Ce qui nous fascine, c’est l’évolution de Tom : scientifique et rationnel, il bascule vers une transformation spirituelle. Son accomplissement est l’acceptation de la mort. Donc, pensez à cette mobilité intérieure de votre personnage.
Izzi est le personnage qui crée le plus de tension avec Tom. Son point de vue est la contradiction de celui de Tom : elle accepte la mort. Et elle provoque Tom sur l’inévitabilité de la mort. D’abord d’un amour profond, leur relation se tend à mesure que Tom essaie de vaincre la mort alors qu’il n’y a pas de remède.

Une stratégie

The LighthouseL’écriture d’un récit est une stratégie. Elle se compose de nœuds et ils ne sont pas nombreux juste ce qu’il faut pour rendre mobile l’intrigue. Ce mouvement interne au récit est ce qui nous maintient dedans. Sans ces nœuds, nous serions prompts à nous en libérer. Où doivent-ils être placés ? Dans les moments de tension lorsque les enjeux sont au cœur de la scène : la scène existe seulement pour montrer qu’il y a tellement à perdre ; alors s’ensuit une décision.
Nous pouvons distinguer trois nœuds majeurs dans The Lighthouse (2019) de Robert Eggers. Le tout premier est l’arrivée des personnages sur l’île. Vous pouvez voir que les deux personnages évoluent chacun de leur côté mais c’est surtout leur relation qui est mise en avant dans ce premier nœud. On devine sans peine qu’entre ces deux-là le conflit sera puissant mais les enjeux nous sont aussi soulignés : survivre dans un environnement hostile et ne pas succomber à la folie dans cet extrême isolement.
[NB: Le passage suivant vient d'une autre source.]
(* Let $p,q\ge1$ and let $X\in\mathbb{R}^p$, $Y\in\mathbb{R}^q$ be random vectors. Then $X$ and $Y$ are independent if and only if $\mathcal{V}^2(u^tX,v^tY)=0$ for every $u\in\mathcal{S}^{p-1}=\{u\in\mathbb{R}^p:|u|=1\}$ and every $v\in\mathcal{S}^{q-1}$.
   Context: $|\cdot|$ is the Euclidean norm. For random vectors $X\in\mathbb{R}^p$, $Y\in\mathbb{R}^q$ with characteristic functions $\phi_X,\phi_Y$ and joint characteristic function $\phi_{X,Y}$, the distance covariance is $$\mathcal{V}^2(X,Y)=\int_{\mathbb{R}^{p+q}}\frac{|\phi_{X,Y}(t,s)-\phi_X(t)\phi_Y(s)|^2}{c_pc_q|t|^{p+1}|s|^{q+1}}\,dt\,ds,\qquad c_p=\frac{\pi^{(p+1)/2}}{\Gamma((p+1)/2)}.$$ (Applied with $p=q=1$ to the univariate projections $u^tX$, $v^tY$.) *)

theory Defs
  imports "HOL-Probability.Probability"
begin

text \<open>Independence of two random variables with possibly different value types
  (the library's indep_var needs equal types): independence of the generated
  sigma-algebras, as in the library lemma indep_var_eq.\<close>
definition indep_rv :: "'a measure \<Rightarrow> ('a \<Rightarrow> 'b::topological_space) \<Rightarrow> ('a \<Rightarrow> 'c::topological_space) \<Rightarrow> bool" where
  "indep_rv M X Y \<longleftrightarrow>
     X \<in> borel_measurable M \<and> Y \<in> borel_measurable M \<and>
     prob_space.indep_set M
       (sigma_sets (space M) {X -` A \<inter> space M | A. A \<in> sets borel})
       (sigma_sets (space M) {Y -` B \<inter> space M | B. B \<in> sets borel})"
Un nœud dramatique n’a nullement besoin d’être un événement soudain. Il a une durée. Celle-ci permet au nœud de révéler un arc de l’intrigue. Il se présente comme un dilemme ou une situation difficile et les personnages doivent faire des choix ou bien ils sont jetés dans des circonstances mais il n’y a pas de conciliation immédiate. Un arc narratif commence. C’est un lent cheminement vers une décision, il ne saurait être qu’un instant.
Alors qu’un retournement est une bifurcation que suit le récit, le nœud se comporte davantage comme une charnière qui permet la mobilité de l’intrigue. Il permet d’augmenter les enjeux, de lancer des intrigues secondaires qui s’appuient sur ce nœud pour exister ou encore il sera une information nouvelle qui change la perspective.

Ainsi dans The Lighthouse, la relation entre les deux hommes est un nœud en elle-même. L’instabilité s’installe lentement par les suspicions, la violence ou les délires. Ce nœud est un point de non-retour : la tempête est un carcan qui retient prisonnier leurs propres démons.
La troisième nœud est le début de la folie et de l’ultime confrontation.

Le suspense comme promesse

Le lecteur/spectateur est avide d’incertitude, d’inattendu. Offrez-lui du mystère et il sera satisfait. Mais si le suspense est trop prolongé ou n’apporte pas une conclusion satisfaisante, il en sera frustré.